- WORK ORDER
Reproduce exactly the stretch of lines running from the line with "(\<kappa> / D" to the end of the entries below.

::::::::::

(* In the setting of the context, let $\mathcal{K}$ be an arbitrary set of policies and define (with $\inf\emptyset=+\infty$) $\varphi:=\inf\{h(y): y\in M_1\}$, $\varphi_1:=\inf\{h(y):y\in M_1\cap\mathcal{K}\}$, $\varphi_3:=\inf\{h(y): y\in\Pi(M_2\cap\mathcal{K})\}$, $\varphi_4:=\inf\{h(y):y\in M_1\cap\Pi(\mathcal{K})\}$, and, with $Y^*:=\arg\min\{h(y):y\in M_2\cap\mathcal{K}\}$, $\varphi_2:=\inf\{h(z): z\in\Pi(Y^* )\}$. Then every element of $M_1\cap\mathcal{K}$, of $\Pi(M_2\cap\mathcal{K})$, of $M_1\cap\Pi(\mathcal{K})$ and of $\Pi(Y^* )$ belongs to $M_1$ (i.e. is feasible for the problem $\min\{h(y):y\in M_1\}$), and \[ \varphi_1\ge\varphi_3,\qquad \varphi_2\ge \varphi_3\ge\varphi_4\ge\varphi . \]
   Context: Let $T\ge 2$, $M\ge 1$ and $n_1,\dots,n_T\ge 1$ be integers. Let $\xi=(\xi_1,\dots,\xi_T)$ be a random vector with values in $\mathbb{R}^{MT}$, $\xi_t\in\mathbb{R}^M$, on a probability space $(\Omega,\mathcal{A},\mathbb{P})$; $\xi_{1:t}:=(\xi_1,\dots,\xi_t)$. A policy is a tuple $y=(y_t)_{t=1}^T$ where $y_1\in\mathbb{R}^{n_1}$ is deterministic and, for $t\ge 2$, $y_t:\mathbb{R}^{M(t-1)}\to\mathbb{R}^{n_t}$ is Borel measurable, evaluated at $\xi_{1:t-1}$. For $t=1,\dots,T$, $\tau=1,\dots,t$, $k\in\{1,2,3\}$ let $A^{(k)}_{t,\tau}$, $B^{(k)}_{t,\tau}$ be real matrices and $b^{(k)}_t$ vectors of compatible sizes, with $B^{(3)}_{t,t}=0$; let $h_t\in\mathbb{R}^{n_t}$ and let $\mathcal{P}_t\ge 0$ be nonnegative vectors. The objective is $h(y):=\sum_{t=1}^T\mathbb{E}\big\{\langle h_t,y_t(\xi_{1:t-1})\rangle+\langle\mathcal{P}_t,(\sum_{\tau=1}^tA^{(1)}_{t,\tau}y_\tau(\xi_{1:\tau-1})+\sum_{\tau=1}^tB^{(1)}_{t,\tau}\xi_\tau-b^{(1)}_t)_+\rangle\big\}$ (assumed well defined in $\mathbb{R}\cup\{+\infty\}$), where $(\cdot)_+$ is the componentwise maximum with $0$. Fix $p\in(0,1]$. Define $M_1$ = set of policies $y$ with $\mathbb{P}\big(\sum_{\tau=1}^t A^{(2)}_{t,\tau}y_\tau(\xi_{1:\tau-1})+\sum_{\tau=1}^t B^{(2)}_{t,\tau}\xi_\tau\le b^{(2)}_t,\ t=1,\dots,T\big)\ge p$ and $\sum_{\tau=1}^t A^{(3)}_{t,\tau}y_\tau(\xi_{1:\tau-1})+\sum_{\tau=1}^{t-1} B^{(3)}_{t,\tau}\xi_\tau\le b^{(3)}_t$ for $t=1,\dots,T$, $\mathbb{P}$-a.s.; $M_2$ = set of policies $y$ with $\mathbb{P}\big(\forall t:\ \sum_{\tau=1}^t A^{(2)}_{t,\tau}y_\tau(\xi_{1:\tau-1})+\sum_{\tau=1}^t B^{(2)}_{t,\tau}\xi_\tau\le b^{(2)}_t\text{ and }\sum_{\tau=1}^t A^{(3)}_{t,\tau}y_\tau(\xi_{1:\tau-1})+\sum_{\tau=1}^{t-1} B^{(3)}_{t,\tau}\xi_\tau\le b^{(3)}_t\big)\ge p$. Let $X_t(z_{1:t-1},\xi_{1:t-1}):=\{u\in\mathbb{R}^{n_t}:A^{(3)}_{t,t}u\le b^{(3)}_t-\sum_{\tau<t}B^{(3)}_{t,\tau}\xi_\tau-\sum_{\tau<t}A^{(3)}_{t,\tau}z_\tau\}$, assumed nonempty for all arguments, and $\pi_X$ the Euclidean projection onto $X$. The operator $\Pi$ maps a policy $y$ to $z=\Pi(y)$ with $z_1:=\pi_{X_1}(y_1)$ and $z_t(\xi_{1:t-1}):=\pi_{X_t(z_1,z_2(\xi_1),\dots,z_{t-1}(\xi_{1:t-2}),\xi_{1:t-1})}(y_t(\xi_{1:t-1}))$ for all $\xi_{1:t-1}$, $t\ge 2$; $\Pi(y)$ is assumed to be a policy. $\Pi(\mathcal{K}):=\{\Pi(y):y\in\mathcal{K}\}$. *)

theory Defs
  imports "HOL-Probability.Probability"
begin
lemma exists_badly_approximable_point:
  fixes V :: "real \<Rightarrow> 'a::metric_space" and S :: "nat \<Rightarrow> 'a set" and K :: nat
  assumes "a < b" "0 < L"
    and co_lipschitz:
      "\<And>t s. t \<in> {a..b} \<Longrightarrow> s \<in> {a..b} \<Longrightarrow> \<bar>t - s\<bar> \<le> L * dist (V t) (V s)"
    and fin: "\<And>c. finite (S c)"
    and card: "\<And>c. card (S c) \<le> K ^ c"
  shows "\<exists>t\<in>{a..b}. \<exists>\<kappa>>0. \<exists>D>1. \<forall>c. \<forall>M\<in>S c. \<kappa> / D ^ c \<le> dist (V t) M"
proof -
  define D where "D = 2 * (real K + 1)"
  define \<kappa> where "\<kappa> = (b - a) / (16 * L)"
  define r where "r c = \<kappa> / D ^ c" for c
  define B where "B c M = {t\<in>{a..b}. dist (V t) M < r c}" for c M
  have \<kappa>: "0 < \<kappa>" and D: "1 < D"
    using assms(1,2) by (simp_all add: \<kappa>_def D_def)
  have r_nonneg: "0 \<le> r c" for c
    using \<kappa> D by (simp add: r_def)
  have diam: "\<bar>t - s\<bar> \<le> 2 * L * r c"
    if "t \<in> B c M" "s \<in> B c M" for c M t s
  proof -
    have "\<bar>t - s\<bar> \<le> L * dist (V t) (V s)"
      using that co_lipschitz by (simp add: B_def)
    also have "\<dots> \<le> L * (dist (V t) M + dist (V s) M)"
      using assms(2) dist_triangle2 by (intro mult_left_mono) auto
    also have "\<dots> \<le> 2 * L * r c"
      using that assms(2) by (simp add: B_def mult_left_mono)
    finally show ?thesis .
  qed
  have layer_le: "real (card (S c)) * (2 * L * r c) \<le> 2 * L * \<kappa> * (1/2) ^ c" for c
  proof -
    have "real (card (S c)) * (2 * L * r c) \<le> real K ^ c * (2 * L * r c)"
      using card[of c] assms(2) r_nonneg[of c]
      by (intro mult_right_mono) (simp_all add: of_nat_mono flip: of_nat_power)
    also have "\<dots> = 2 * L * \<kappa> * (real K / (real K + 1)) ^ c * (1/2) ^ c"
      unfolding r_def D_def power_mult_distrib power_divide by (simp add: ac_simps)
    also have "\<dots> \<le> 2 * L * \<kappa> * 1 * (1/2) ^ c"
      using assms(2) \<kappa> by (intro mult_right_mono mult_left_mono power_le_one) simp_all
    finally show ?thesis
      by simp
  qed
  have geometric: "(\<lambda>c. 2 * L * \<kappa> * (1/2) ^ c) sums (4 * L * \<kappa>)"
    using sums_mult[OF geometric_sums[of "1/2::real"], of "2 * L * \<kappa>"]
    by (simp add: mult.assoc)
  have summable: "summable (\<lambda>c. real (card (S c)) * (2 * L * r c))"
    using layer_le assms(2) r_nonneg
    by (intro summable_comparison_test[OF _ sums_summable[OF geometric]]) auto
  have "(\<Sum>c. real (card (S c)) * (2 * L * r c)) \<le> 4 * L * \<kappa>"
    using suminf_le[OF layer_le summable sums_summable[OF geometric]] sums_unique[OF geometric]
    by simp
  then have "2 * (\<Sum>c. real (card (S c)) * (2 * L * r c)) < b - a"
    using assms(1,2) by (simp add: \<kappa>_def)
  then have "\<exists>t\<in>{a..b}. \<forall>c. \<forall>M\<in>S c. t \<notin> B c M"
    using fin assms(2) r_nonneg diam summable
    by (intro exists_point_avoiding_small_sets[where d = "\<lambda>c. 2 * L * r c"]) auto
  then obtain t where "t \<in> {a..b}" "\<forall>c. \<forall>M\<in>S c. t \<notin> B c M"
    by blast
  then have "\<forall>c. \<forall>M\<in>S c. \<kappa> / D ^ c \<le> dist (V t) M"
    by (auto simp: B_def r_def not_less)
  then show ?thesis
    using \<open>t \<in> {a..b}\<close> \<kappa> D by blast
qed

definition badly_approximable :: "'n::finite cmat list \<Rightarrow> real \<Rightarrow> real \<Rightarrow> 'n cmat \<Rightarrow> bool" where
  "badly_approximable gs \<kappa> D U \<longleftrightarrow>
     (\<forall>w. valid_word gs w \<longrightarrow> \<kappa> / D ^ word_cost w \<le> hs_norm (word_val gs w - U))"

lemma badly_approximableI:
  assumes "\<And>c M. M \<in> word_vals_of_cost gs c \<Longrightarrow> \<kappa> / D ^ c \<le> dist U M"
  shows "badly_approximable gs \<kappa> D U"
  unfolding badly_approximable_def
proof (intro allI impI)
  fix w
  assume "valid_word gs w"
  then have "\<kappa> / D ^ word_cost w \<le> dist U (word_val gs w)"
    by (intro assms) (auto simp: word_vals_of_cost_def)
  then show "\<kappa> / D ^ word_cost w \<le> hs_norm (word_val gs w - U)"
    by (simp add: hs_norm_eq_norm dist_norm norm_minus_commute)
qed

lemma gate_complexity_attained:
  assumes "U \<in> closure (generated_group gs)" "0 < eps"
  shows "\<exists>w. valid_word gs w \<and> word_cost w = gate_complexity gs eps U \<and>
    hs_norm (word_val gs w - U) < eps"
proof -
  obtain M where "M \<in> generated_group gs" "dist M U < eps"
    using assms closure_approachable by metis
  then have "\<exists>c w. valid_word gs w \<and> word_cost w = c \<and> hs_norm (word_val gs w - U) < eps"
    by (auto simp: generated_group_def dist_norm hs_norm_eq_norm)
  then show ?thesis
    unfolding gate_complexity_def by (rule LeastI_ex)
qed

lemma gate_complexity_gt_log:
  assumes "U \<in> closure (generated_group gs)" "badly_approximable gs \<kappa> D U"
    and "0 < \<kappa>" "1 < D" "0 < eps"
  shows "1 / ln D * ln (1 / eps) + ln \<kappa> / ln D < real (gate_complexity gs eps U)"
proof -
  define C where "C = gate_complexity gs eps U"
  obtain w where "valid_word gs w" "word_cost w = C" "hs_norm (word_val gs w - U) < eps"
    using gate_complexity_attained[OF assms(1,5)] by (auto simp: C_def)
  then have "\<kappa> / D ^ C < eps"
    using assms(2) by (fastforce simp: badly_approximable_def)
  then have "ln (\<kappa> / D ^ C) < ln eps"
    using assms(3-5) by simp
  then have "ln \<kappa> - ln eps < real C * ln D"
    using assms(3,4) by (simp add: ln_div ln_realpow)
  then show ?thesis
    using assms(4,5) by (simp add: C_def ln_div field_simps)
qed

::::::::::

- ANSWER AREA
  then have "ln (\<kappa> / D ^ C) < ln eps"
    using assms(3-5) by simp
  then have "ln \<kappa> - ln eps < real C * ln D"
    using assms(3,4) by (simp add: ln_div ln_realpow)
  then show ?thesis
    using assms(4,5) by (simp add: C_def ln_div field_simps)
qed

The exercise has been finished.